Ok, we are back in time before the first merge and we want to get the changes in main into our greet branch.

This time we will use the rebase command instead of the merge command to bring in the changes from the main branch.

Execute:

git checkout greet
git rebase main
git hist

Output:

$ git checkout greet
Switched to branch 'greet'
$
$ git rebase main
First, rewinding head to replay your work on top of it...
Applying: added Greeter class
Applying: hello uses Greeter
$
$ git hist
* d81bcbf 2023-08-21 | Hello uses Greeter (HEAD -> greet) [Théophile Chevalier]
* c004268 2023-08-21 | Add greeter class [Théophile Chevalier]
* 6179ba3 2023-08-21 | Added README (main) [Théophile Chevalier]
* 9ab61ca 2023-08-21 | Moved hello.py to lib [Théophile Chevalier]
* 7abea37 2023-08-21 | Add an author/email comment [Théophile Chevalier]
* 1c410c6 2023-08-21 | Add a comment (tag: v1) [Théophile Chevalier]
* 0bf384c 2023-08-21 | Display user input (tag: v1-beta) [Théophile Chevalier]
* 31c3945 2023-08-21 | Add some content [Théophile Chevalier]
* aa5d425 2023-08-21 | First Commit [Théophile Chevalier]

Merge VS Rebase

The final result of the rebase is very similar to the merge. The greet branch now contains all of its changes, as well as all the changes from the main branch. However, the commit tree is quite different. The commit tree for the greet branch has been rewritten so that the main branch is a part of the commit history. This leaves the chain of commits linear and much easier to read.

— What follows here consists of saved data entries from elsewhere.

lemma subfield_sum: "(\<And>k. k \<in> A \<Longrightarrow> f k \<in> F) \<Longrightarrow> sum f A \<in> F"
  by (induction A rule: infinite_finite_induct) (auto intro: subfield_0 subfield_add)

lemma subfield_numeral: "numeral n \<in> F"
proof -
  have "of_nat m \<in> F" for m by (induction m) (auto intro: subfield_0 subfield_1 subfield_add)
  from this[of "numeral n"] show ?thesis by simp
qed

end

lemmas subfield_intros =
  subfield_0 subfield_1 subfield_add subfield_mult subfield_uminus subfield_diff subfield_divide
  subfield_numeral

lemma bf_euler: "s * bf_ds d c s t + t * bf_dt d c s t = of_nat d * bf d c s t"
proof -
  have "s * (of_nat k * c k * s ^ (k - 1) * t ^ (d - k))
          + t * (of_nat (d - k) * c k * s ^ k * t ^ (d - k - 1))
        = of_nat d * (c k * s ^ k * t ^ (d - k))" if "k \<le> d" for k
  proof -
    have s: "of_nat k * (s * s ^ (k - 1)) = (of_nat k * s ^ k :: complex)"
      by (cases k) auto
    have t: "of_nat (d - k) * (t * t ^ (d - k - 1)) = (of_nat (d - k) * t ^ (d - k) :: complex)"
      by (cases "d - k") auto
    have "s * (of_nat k * c k * s ^ (k - 1) * t ^ (d - k))
            + t * (of_nat (d - k) * c k * s ^ k * t ^ (d - k - 1))
          = c k * t ^ (d - k) * (of_nat k * (s * s ^ (k - 1)))
            + c k * s ^ k * (of_nat (d - k) * (t * t ^ (d - k - 1)))"
      by (simp only: ac_simps)
    also have "\<dots> = (of_nat k + of_nat (d - k)) * (c k * s ^ k * t ^ (d - k))"
      unfolding s t by (simp only: algebra_simps)
    also have "\<dots> = of_nat d * (c k * s ^ k * t ^ (d - k))"
      using that by (simp flip: of_nat_add)
    finally show ?thesis .
  qed
  then show ?thesis
    unfolding bf_ds_def bf_dt_def bf_def
    by (simp add: sum_distrib_left flip: sum.distrib)
qed

definition in_kernel3 :: "(nat \<Rightarrow> nat \<Rightarrow> complex) \<Rightarrow> (nat \<Rightarrow> complex) \<Rightarrow> bool" where
  "in_kernel3 M x \<longleftrightarrow> (\<forall>r<3. (\<Sum>s<3. M r s * x s) = 0)"

lemma det3_eq_0_imp_kernel:
  assumes "det3 M = 0"
  obtains x where "\<exists>i<3. x i \<noteq> 0" "in_kernel3 M x"
proof -
  \<comment> \<open>The numeral type \<open>3\<close> is enumerated as \<open>1, 2, 3\<close> (cf. \<open>det_3\<close>), shifted against \<open>0, 1, 2\<close>.\<close>
  define idx :: "3 \<Rightarrow> nat" where "idx r = (if r = 1 then 0 else if r = 2 then 1 else 2)" for r
  define A :: "complex^3^3" where "A = (\<chi> r s. M (idx r) (idx s))"
  have "det A = det3 M"
    unfolding det_3 det3_def A_def idx_def by (simp add: algebra_simps)
  then have "\<not> invertible A"
    using assms invertible_det_nz by auto
  then obtain y where y: "y \<noteq> 0" "A *v y = 0"
    by (meson invertible_left_inverse matrix_left_invertible_ker)
  define x where "x (l::nat) = (if l = 0 then y $ 1 else if l = 1 then y $ 2 else y $ 3)" for l
  have "y $ 1 \<noteq> 0 \<or> y $ 2 \<noteq> 0 \<or> y $ 3 \<noteq> 0"
    using y(1) unfolding vec_eq_iff forall_3 by simp
  then have "x 0 \<noteq> 0 \<or> x 1 \<noteq> 0 \<or> x 2 \<noteq> 0"
    unfolding x_def by simp
  then have "\<exists>i<3. x i \<noteq> 0" by force
  moreover have "in_kernel3 M x"
    unfolding in_kernel3_def
  proof (intro allI impI)
    fix r :: nat assume "r < 3"
    then have "r = 0 \<or> r = 1 \<or> r = 2" by auto
    moreover have "(\<Sum>s\<in>UNIV. A $ r' $ s * y $ s) = 0" for r'
      using y(2) unfolding vec_eq_iff matrix_vector_mult_def by simp
    note rows = this[of 1] this[of 2] this[of 3]
    ultimately show "(\<Sum>s<3. M r s * x s) = 0"
      using rows unfolding sum_lessThan_3 sum_3 A_def idx_def x_def by auto
  qed
  ultimately show ?thesis using that by blast
qed

lemma in_kernel3_lincomb:
  "in_kernel3 M u \<Longrightarrow> in_kernel3 M w \<Longrightarrow> in_kernel3 M (\<lambda>l. a * u l + b * w l)"
  unfolding in_kernel3_def
  by (simp add: distrib_left sum.distrib mult.left_commute[of _ a] mult.left_commute[of _ b]
      flip: sum_distrib_left)

lemma in_kernel3_scale: "in_kernel3 M x \<Longrightarrow> in_kernel3 M (\<lambda>l. a * x l)"
  using in_kernel3_lincomb[of M x x a 0] by simp

lemma conic_val_kernel: "in_kernel3 M x \<Longrightarrow> conic_val M x = 0"
proof -
  have "conic_val M x = (\<Sum>i<3. x i * (\<Sum>j<3. M i j * x j))"
    unfolding conic_val_def by (simp add: sum_distrib_left algebra_simps)
  then show "in_kernel3 M x \<Longrightarrow> conic_val M x = 0"
    unfolding in_kernel3_def by simp
qed

lemma conic_sing_pt_iff_kernel:
  assumes "\<forall>i<3. \<forall>j<3. M i j = M j i"
  shows "conic_sing_pt M x \<longleftrightarrow> (\<exists>i<3. x i \<noteq> 0) \<and> in_kernel3 M x"
proof -
  have "(\<Sum>j<3. (M i j + M j i) * x j) = 2 * (\<Sum>j<3. M i j * x j)" if "i < 3" for i
  proof -
    have "(\<Sum>j<3. (M i j + M j i) * x j) = (\<Sum>j<3. 2 * (M i j * x j))"
      using assms that by (intro sum.cong) auto
    then show ?thesis by (simp add: sum_distrib_left)
  qed
  then show ?thesis
    unfolding conic_sing_pt_def using conic_val_kernel unfolding in_kernel3_def by auto
qed

lemma complex_quadratic_has_root:
  fixes a b c :: complex
  assumes "a \<noteq> 0"
  obtains z where "a * z\<^sup>2 + b * z + c = 0"
proof
  define s where "s = csqrt (b\<^sup>2 - 4 * a * c)"
  have "a * ((- b + s) / (2 * a))\<^sup>2 + b * ((- b + s) / (2 * a)) + c = (s\<^sup>2 - (b\<^sup>2 - 4 * a * c)) / (4 * a)"
    using assms by (simp add: field_simps power2_eq_square)
  also have "\<dots> = 0"
    unfolding s_def by simp
  finally show "a * ((- b + s) / (2 * a))\<^sup>2 + b * ((- b + s) / (2 * a)) + c = 0" .
qed

lemma conic_val_lincomb:
  "conic_val N (\<lambda>l. t * u l + w l) =
     t\<^sup>2 * conic_val N u + t * (\<Sum>i<3. \<Sum>j<3. N i j * (u i * w j + w i * u j)) + conic_val N w"
  unfolding conic_val_def sum_lessThan_3 by algebra

text \<open>Any two-dimensional subspace of the kernel would contain a nonzero isotropic vector of
  \<open>N\<close>, since a binary quadratic form over \<open>\<complex>\<close> has a nontrivial zero.\<close>
lemma kernel_is_line:
  assumes anisotropic: "\<forall>x. (\<exists>i<3. x i \<noteq> 0) \<and> in_kernel3 M x \<longrightarrow> conic_val N x \<noteq> 0"
    and u: "\<exists>i<3. u i \<noteq> 0" "in_kernel3 M u" and w: "in_kernel3 M w"
  obtains t where "\<forall>i<3. w i = t * u i"
proof -
  have "conic_val N u \<noteq> 0" using anisotropic u by blast
  then obtain t where t: "conic_val N u * t\<^sup>2
      + (\<Sum>i<3. \<Sum>j<3. N i j * (u i * w j + w i * u j)) * t + conic_val N w = 0"
    by (rule complex_quadratic_has_root)
  then have "conic_val N (\<lambda>l. t * u l + w l) = 0"
    unfolding conic_val_lincomb by (simp add: algebra_simps)
  moreover have "in_kernel3 M (\<lambda>l. t * u l + w l)"
    using in_kernel3_lincomb[OF u(2) w, of t 1] by simp
  ultimately have "\<forall>i<3. t * u i + w i = 0"
    using anisotropic by auto
  then have "\<forall>i<3. w i = - t * u i"
    by (simp add: eq_neg_iff_add_eq_0 add.commute)
  then show ?thesis by (rule that)
qed

lemma weighted_conic_val_kernel:
  fixes M :: "nat \<Rightarrow> nat \<Rightarrow> complex" and a :: "nat \<Rightarrow> complex"
  assumes sym: "\<forall>i<3. \<forall>j<3. M i j = M j i" and x: "in_kernel3 M x"
  shows "(\<Sum>i<3. \<Sum>j<3. (a i + a j + b) * M i j * x i * x j) = 0"
proof -
  have row: "(\<Sum>j<3. M i j * x j) = 0" if "i < 3" for i
    using x that unfolding in_kernel3_def by blast
  have col: "(\<Sum>i<3. M i j * x i) = 0" if "j < 3" for j
    using row[OF that] sym that by (simp add: mult.commute)
  have swap: "(\<Sum>i<3. \<Sum>j<3. a j * x j * (M i j * x i)) = (\<Sum>j<3. a j * x j * (\<Sum>i<3. M i j * x i))"
    by (subst sum.swap) (simp only: sum_distrib_left)
  have "(\<Sum>i<3. \<Sum>j<3. (a i + a j + b) * M i j * x i * x j)
      = (\<Sum>i<3. \<Sum>j<3. (a i + b) * x i * (M i j * x j) + a j * x j * (M i j * x i))"
    by (intro sum.cong refl) (simp add: algebra_simps)
  also have "\<dots> = (\<Sum>i<3. (a i + b) * x i * (\<Sum>j<3. M i j * x j))
        + (\<Sum>i<3. \<Sum>j<3. a j * x j * (M i j * x i))"
    by (simp only: sum.distrib sum_distrib_left)
  also have "\<dots> = 0"
    unfolding swap using row col by simp
  finally show ?thesis .
qed

lemma sing_index_kernel_vector:
  assumes sym: "\<forall>i<3. \<forall>j<3. M i j = M j i" and "det3 M = 0"
  obtains P where "sing_index M < 3" "in_kernel3 M P" "P (sing_index M) = 1"
proof -
  obtain x where x: "\<exists>i<3. x i \<noteq> 0" "in_kernel3 M x"
    using det3_eq_0_imp_kernel[OF \<open>det3 M = 0\<close>] .
  obtain l where l: "l < 3" "x l \<noteq> 0"
    using x(1) by blast
  define n where "n = (LEAST l. x l \<noteq> 0)"
  have "n \<le> l"
    unfolding n_def using l(2) by (rule Least_le)
  have "x n \<noteq> 0"
    unfolding n_def using l(2) by (rule LeastI)
  moreover have "\<forall>l<n. x l = 0"
    unfolding n_def using not_less_Least by blast
  moreover have "n < 3"
    using \<open>n \<le> l\<close> l(1) by simp
  ultimately have n: "x n \<noteq> 0" "\<forall>l<n. x l = 0" "n < 3" by blast+
  have x_sing: "conic_sing_pt M x"
    using x conic_sing_pt_iff_kernel[OF sym] by blast
  let ?i = "sing_index M"
  have "?i \<le> n"
    unfolding sing_index_def by (rule Least_le) (use n x_sing in blast)
  moreover obtain y where y: "conic_sing_pt M y" "y ?i \<noteq> 0"
    using LeastI[of "\<lambda>i. \<exists>y. conic_sing_pt M y \<and> y i \<noteq> 0 \<and> (\<forall>j<i. y j = 0)" n] n x_sing
    unfolding sing_index_def by blast
  moreover have "in_kernel3 M (\<lambda>l. inverse (y ?i) * y l)"
    using y(1) conic_sing_pt_iff_kernel[OF sym] in_kernel3_scale by blast
  ultimately show ?thesis
    using that[of "\<lambda>l. inverse (y ?i) * y l"] n(3) by simp
qed

lemma kernel_vector_row:
  assumes "in_kernel3 M P" "P i = 1" "perm3 i j k" "r < 3"
  shows "M r i = - (M r j * P j + M r k * P k)"
proof -
  have "(\<Sum>s<3. M r s * P s) = 0"
    using assms(1,4) unfolding in_kernel3_def by blast
  then have "M r i + (M r j * P j + M r k * P k) = 0"
    unfolding sum_perm3[OF assms(3)] assms(2) by (simp add: add.assoc)
  then show ?thesis
    by (rule eq_neg_iff_add_eq_0[THEN iffD2])
qed

text \<open>Row \<open>i\<close> of \<open>M\<close> is a combination of rows \<open>j\<close> and \<open>k\<close>, so a kernel vector of the
  \<open>(j,k)\<close>-minor extends by \<open>x\<^sub>i = 0\<close> to a kernel vector of \<open>M\<close>.\<close>
lemma minor_kernel_extends:
  assumes sym: "\<forall>i<3. \<forall>j<3. M i j = M j i"
    and P: "in_kernel3 M P" "P i = 1" and ijk: "perm3 i j k"
    and ab: "M j j * a + M j k * b = 0" "M j k * a + M k k * b = 0"
  shows "in_kernel3 M (\<lambda>l. if l = j then a else if l = k then b else 0)"
  unfolding in_kernel3_def
proof (intro allI impI)
  fix r :: nat assume "r < 3"
  have sjk: "M k j = M j k" "M i j = M j i" "M i k = M k i"
    using sym perm3_less[OF ijk] by auto
  have "M i j * a + M i k * b = M j i * a + M k i * b"
    using sjk by simp
  also have "\<dots> = - P j * (M j j * a + M j k * b) - P k * (M j k * a + M k k * b)"
    unfolding kernel_vector_row[OF P ijk perm3_less(2)[OF ijk]]
      kernel_vector_row[OF P ijk perm3_less(3)[OF ijk]] sjk(1)
    by (simp add: algebra_simps)
  also have "\<dots> = 0"
    using ab by simp
  finally have "M i j * a + M i k * b = 0" .
  moreover have "(\<Sum>s<3. M r s * (if s = j then a else if s = k then b else 0)) = M r j * a + M r k * b"
    using sum_perm3_restrict[OF ijk, of a b 0 "M r"] by (simp add: mult.commute)
  ultimately show "(\<Sum>s<3. M r s * (if s = j then a else if s = k then b else 0)) = 0"
    using perm3_cases[OF ijk \<open>r < 3\<close>] ab sjk by auto
qed

lemma minor_disc_nonzero:
  assumes sym: "\<forall>i<3. \<forall>j<3. M i j = M j i"
    and P: "in_kernel3 M P" "P i = 1" and ijk: "perm3 i j k"
    and line: "\<And>w. in_kernel3 M w \<Longrightarrow> \<exists>t. \<forall>r<3. w r = t * P r"
  shows "(M j k + M k j)\<^sup>2 - 4 * M j j * M k k \<noteq> 0"
proof
  assume "(M j k + M k j)\<^sup>2 - 4 * M j j * M k k = 0"
  moreover have "M k j = M j k"
    using sym perm3_less[OF ijk] by auto
  ultimately have singular: "M j j * M k k = M j k * M j k"
    by (simp add: power2_eq_square algebra_simps)
  obtain a b where ab: "a \<noteq> 0 \<or> b \<noteq> 0" "M j j * a + M j k * b = 0" "M j k * a + M k k * b = 0"
  proof (cases "M j j \<noteq> 0 \<or> M j k \<noteq> 0")
    case True
    then show ?thesis
      using that[of "M j k" "- M j j"] singular by (auto simp: algebra_simps)
  next
    case False
    then show ?thesis
      using that[of 1 0] by auto
  qed
  define w where "w l = (if l = j then a else if l = k then b else 0)" for l
  obtain t where t: "\<forall>r<3. w r = t * P r"
    using line minor_kernel_extends[OF sym P ijk ab(2,3)] unfolding w_def by blast
  have "i \<noteq> j" "i \<noteq> k" "j \<noteq> k"
    using ijk unfolding perm3_def by auto
  then have "w i = 0" "w j = a" "w k = b"
    unfolding w_def by auto
  moreover have "w i = t * P i" "w j = t * P j" "w k = t * P k"
    using t perm3_less[OF ijk] by auto
  ultimately show False
    using ab(1) P(2) by simp
qed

When to Rebase, When to Merge?

Don’t use rebase …

  1. If the branch is public and shared with others. Rewriting publicly shared branches will tend to screw up other members of the team.
  2. When the exact history of the commit branch is important (since rebase rewrites the commit history).

Given the above guidelines, I tend to use rebase for short-lived, local branches and merge for branches in the public repository.